(* Every pAND net is sub-sound.
   Context: Petri nets and markings. A Petri net is a triple $(P,T,F)$ with $P$ a finite set of places, $T$ a finite set of transitions, $P\cap T=\emptyset$, and $F\subseteq (P\times T)\cup(T\times P)$. For a node $x$, $\bullet x=\{y\mid (y,x)\in F\}$, $x\bullet=\{y\mid (x,y)\in F\}$. A marking is a multiset over $P$ (a function $P\to\mathbb N$); sets of places are identified with bags of multiplicity one, $+,-,\le$ are pointwise, and $k.m$ is the sum of $k$ copies of $m$. Transition $t$ is enabled at $m$ iff $\bullet t\le m$, firing gives $m-\bullet t+t\bullet$, and $m\xrightarrow{*}m'$ denotes reachability by a finite (possibly empty) firing sequence. A pWF net is $(P,T,F,I,O)$ with $(P,T,F)$ a Petri net, $I,O\subseteq P$ non-empty (input/output places), every node reachable by a directed path from some node of $I$, and some node of $O$ reachable from every node. AND nets. An AND net is an acyclic WF net $(P,T,F,I,O)$ such that for every place $p$: (1) either $p\in I$ and $|\bullet p|=0$, or $p\notin I$ and $|\bullet p|=1$; and (2) either $p\in O$ and $|p\bullet|=0$, or $p\notin O$ and $|p\bullet|=1$. A pAND net is an AND net that is a pWF net. Sub-soundness. A pWF net is sub-sound if for all integers $k\ge k'\ge 0$ and every marking $m'$: if $k.I\xrightarrow{*}m'+k'.O$ then $m'\xrightarrow{*}(k-k').O$. *)

theory Defs
  imports Main "HOL-Library.Multiset"
begin

text \<open>Nodes of a Petri net: places (Inl) and transitions (Inr); disjointness of
P and T is built into the sum type. The flow relation F is a relation on nodes.\<close>

type_synonym ('p,'t) node = "'p + 't"

definition petri_net :: "'p set \<Rightarrow> 't set \<Rightarrow> (('p,'t) node \<times> ('p,'t) node) set \<Rightarrow> bool" where
  "petri_net P T F \<longleftrightarrow> finite P \<and> finite T \<and>
     F \<subseteq> (Inl ` P \<times> Inr ` T) \<union> (Inr ` T \<times> Inl ` P)"

definition nodes :: "'p set \<Rightarrow> 't set \<Rightarrow> ('p,'t) node set" where
  "nodes P T = Inl ` P \<union> Inr ` T"

definition preset :: "(('p,'t) node \<times> ('p,'t) node) set \<Rightarrow> ('p,'t) node \<Rightarrow> ('p,'t) node set" where
  "preset F x = {y. (y, x) \<in> F}"

definition postset :: "(('p,'t) node \<times> ('p,'t) node) set \<Rightarrow> ('p,'t) node \<Rightarrow> ('p,'t) node set" where
  "postset F x = {y. (x, y) \<in> F}"

definition pre_t :: "(('p,'t) node \<times> ('p,'t) node) set \<Rightarrow> 't \<Rightarrow> 'p multiset" where
  "pre_t F t = mset_set {p. (Inl p, Inr t) \<in> F}"

definition post_t :: "(('p,'t) node \<times> ('p,'t) node) set \<Rightarrow> 't \<Rightarrow> 'p multiset" where
  "post_t F t = mset_set {p. (Inr t, Inl p) \<in> F}"

definition fire_step :: "'t set \<Rightarrow> (('p,'t) node \<times> ('p,'t) node) set \<Rightarrow> 'p multiset \<Rightarrow> 'p multiset \<Rightarrow> bool" where
  "fire_step T F m m' \<longleftrightarrow> (\<exists>t\<in>T. pre_t F t \<subseteq># m \<and> m' = m - pre_t F t + post_t F t)"

definition reach :: "'t set \<Rightarrow> (('p,'t) node \<times> ('p,'t) node) set \<Rightarrow> 'p multiset \<Rightarrow> 'p multiset \<Rightarrow> bool" where
  "reach T F = (fire_step T F)\<^sup>*\<^sup>*"

definition pWF_net :: "'p set \<Rightarrow> 't set \<Rightarrow> (('p,'t) node \<times> ('p,'t) node) set \<Rightarrow> 'p set \<Rightarrow> 'p set \<Rightarrow> bool" where
  "pWF_net P T F Inp Out \<longleftrightarrow> petri_net P T F \<and> Inp \<subseteq> P \<and> Out \<subseteq> P \<and> Inp \<noteq> {} \<and> Out \<noteq> {} \<and>
     (\<forall>x\<in>nodes P T. \<exists>i\<in>Inp. (Inl i, x) \<in> F\<^sup>*) \<and>
     (\<forall>x\<in>nodes P T. \<exists>q\<in>Out. (x, Inl q) \<in> F\<^sup>*)"

definition AND_conditions :: "'p set \<Rightarrow> 't set \<Rightarrow> (('p,'t) node \<times> ('p,'t) node) set \<Rightarrow> 'p set \<Rightarrow> 'p set \<Rightarrow> bool" where
  "AND_conditions P T F Inp Out \<longleftrightarrow> acyclic F \<and>
     (\<forall>p\<in>P. ((p \<in> Inp \<and> card (preset F (Inl p)) = 0) \<or> (p \<notin> Inp \<and> card (preset F (Inl p)) = 1)) \<and>
             ((p \<in> Out \<and> card (postset F (Inl p)) = 0) \<or> (p \<notin> Out \<and> card (postset F (Inl p)) = 1)))"

definition pAND_net :: "'p set \<Rightarrow> 't set \<Rightarrow> (('p,'t) node \<times> ('p,'t) node) set \<Rightarrow> 'p set \<Rightarrow> 'p set \<Rightarrow> bool" where
  "pAND_net P T F Inp Out \<longleftrightarrow> pWF_net P T F Inp Out \<and> AND_conditions P T F Inp Out"

definition sub_sound :: "'p set \<Rightarrow> 't set \<Rightarrow> (('p,'t) node \<times> ('p,'t) node) set \<Rightarrow> 'p set \<Rightarrow> 'p set \<Rightarrow> bool" where
  "sub_sound P T F Inp Out \<longleftrightarrow>
     (\<forall>k k' m'. k' \<le> k \<longrightarrow> set_mset m' \<subseteq> P \<longrightarrow>
        reach T F (repeat_mset k (mset_set Inp)) (m' + repeat_mset k' (mset_set Out)) \<longrightarrow>
        reach T F m' (repeat_mset (k - k') (mset_set Out)))"

end

theory Submission
  imports Defs
begin

(* Idea: in an AND net every place has at most one producing and at most one
   consuming transition, and the net is acyclic.  A run from k.I is therefore
   described by its firing-count vector x :: 't => nat, and the marking is
   determined by x: on place p it equals what was produced on p (k for an input
   place, otherwise the count of its producer) minus what was consumed (the count
   of its consumer).  This invariant is written "explains k x m".

   From the invariant: every count is at most k (induction along the acyclic
   flow relation), and while some count is below k, an F-minimal transition
   with count below k is enabled.  Firing such transitions strictly decreases
   the measure sum (k - x t), so every marking reachable from k.I can be driven
   to k.O.  Finally, tokens on output places are never consumed, so a run
   from m' + k'.O to k.O is a run from m' to (k - k').O carrying k'.O along. *)

lemma sum_increment:
  fixes x :: "'a \<Rightarrow> nat"
  assumes "finite A"
  shows "(\<Sum>s\<in>A. (x(t := Suc (x t))) s) = (\<Sum>s\<in>A. x s) + (if t \<in> A then 1 else 0)"
proof -
  have "(x(t := Suc (x t))) s = x s + (if s = t then 1 else 0)" for s by simp
  then show ?thesis using assms by (simp add: sum.distrib)
qed

lemma pre_t_consumes: "0 < count (pre_t F t) p \<Longrightarrow> (Inl p, Inr t) \<in> F"
  by (simp add: pre_t_def count_mset_set' split: if_splits)

lemma reach_inert_tokens:
  assumes "reach T F (m + A) M"
    and inert: "\<And>p t. p \<in># A \<Longrightarrow> (Inl p, Inr t) \<notin> F"
  shows "\<exists>M'. M = M' + A \<and> reach T F m M'"
  using assms(1) unfolding reach_def
proof (induction rule: rtranclp_induct)
  case base
  then show ?case by auto
next
  case (step M1 M2)
  then obtain M' where M1: "M1 = M' + A" and run: "(fire_step T F)\<^sup>*\<^sup>* m M'" by blast
  obtain t where t: "t \<in> T" and en: "pre_t F t \<subseteq># M1"
    and M2: "M2 = M1 - pre_t F t + post_t F t"
    using step.hyps(2) unfolding fire_step_def by blast
  have en': "pre_t F t \<subseteq># M'"
    unfolding subseteq_mset_def
  proof
    fix p
    have "count (pre_t F t) p \<le> count M' p + count A p"
      using en M1 by (simp add: subseteq_mset_def)
    moreover have "count A p = 0" if "0 < count (pre_t F t) p"
      using inert pre_t_consumes[OF that] by (meson count_eq_zero_iff)
    ultimately show "count (pre_t F t) p \<le> count M' p" by fastforce
  qed
  have "M2 = (M' - pre_t F t + post_t F t) + A"
  proof (rule multiset_eqI)
    fix p
    have "count (pre_t F t) p \<le> count M' p" using en' by (simp add: subseteq_mset_def)
    then show "count M2 p = count (M' - pre_t F t + post_t F t + A) p" using M1 M2 by simp
  qed
  moreover have "(fire_step T F)\<^sup>*\<^sup>* m (M' - pre_t F t + post_t F t)"
  proof (rule rtranclp.rtrancl_into_rtrancl[OF run])
    show "fire_step T F M' (M' - pre_t F t + post_t F t)"
      using t en' unfolding fire_step_def by blast
  qed
  ultimately show ?case by blast
qed

locale pAND =
  fixes P :: "'p set" and T :: "'t set" and F :: "(('p,'t) node \<times> ('p,'t) node) set"
    and Inp :: "'p set" and Out :: "'p set"
  assumes pAND_net: "pAND_net P T F Inp Out"
begin

lemma finite_P: "finite P" and finite_T: "finite T"
  and F_bipartite: "F \<subseteq> (Inl ` P \<times> Inr ` T) \<union> (Inr ` T \<times> Inl ` P)"
  and Inp_sub: "Inp \<subseteq> P" and Out_sub: "Out \<subseteq> P"
  and acyclic_F: "acyclic F"
  and degrees: "\<forall>p\<in>P.
      ((p \<in> Inp \<and> card (preset F (Inl p)) = 0) \<or> (p \<notin> Inp \<and> card (preset F (Inl p)) = 1)) \<and>
      ((p \<in> Out \<and> card (postset F (Inl p)) = 0) \<or> (p \<notin> Out \<and> card (postset F (Inl p)) = 1))"
  and connected_from_Inp: "\<forall>x\<in>nodes P T. \<exists>i\<in>Inp. (Inl i, x) \<in> F\<^sup>*"
  using pAND_net unfolding pAND_net_def pWF_net_def petri_net_def AND_conditions_def by auto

§ **WHAT TO DO**:
Among the entries, find every line holding "unfolding" and return it.

§ **COMPLETED EXERCISE**:
  using assms(1) unfolding reach_def
    using step.hyps(2) unfolding fire_step_def by blast
    unfolding subseteq_mset_def
      using t en' unfolding fire_step_def by blast
  using pAND_net unfolding pAND_net_def pWF_net_def petri_net_def AND_conditions_def by auto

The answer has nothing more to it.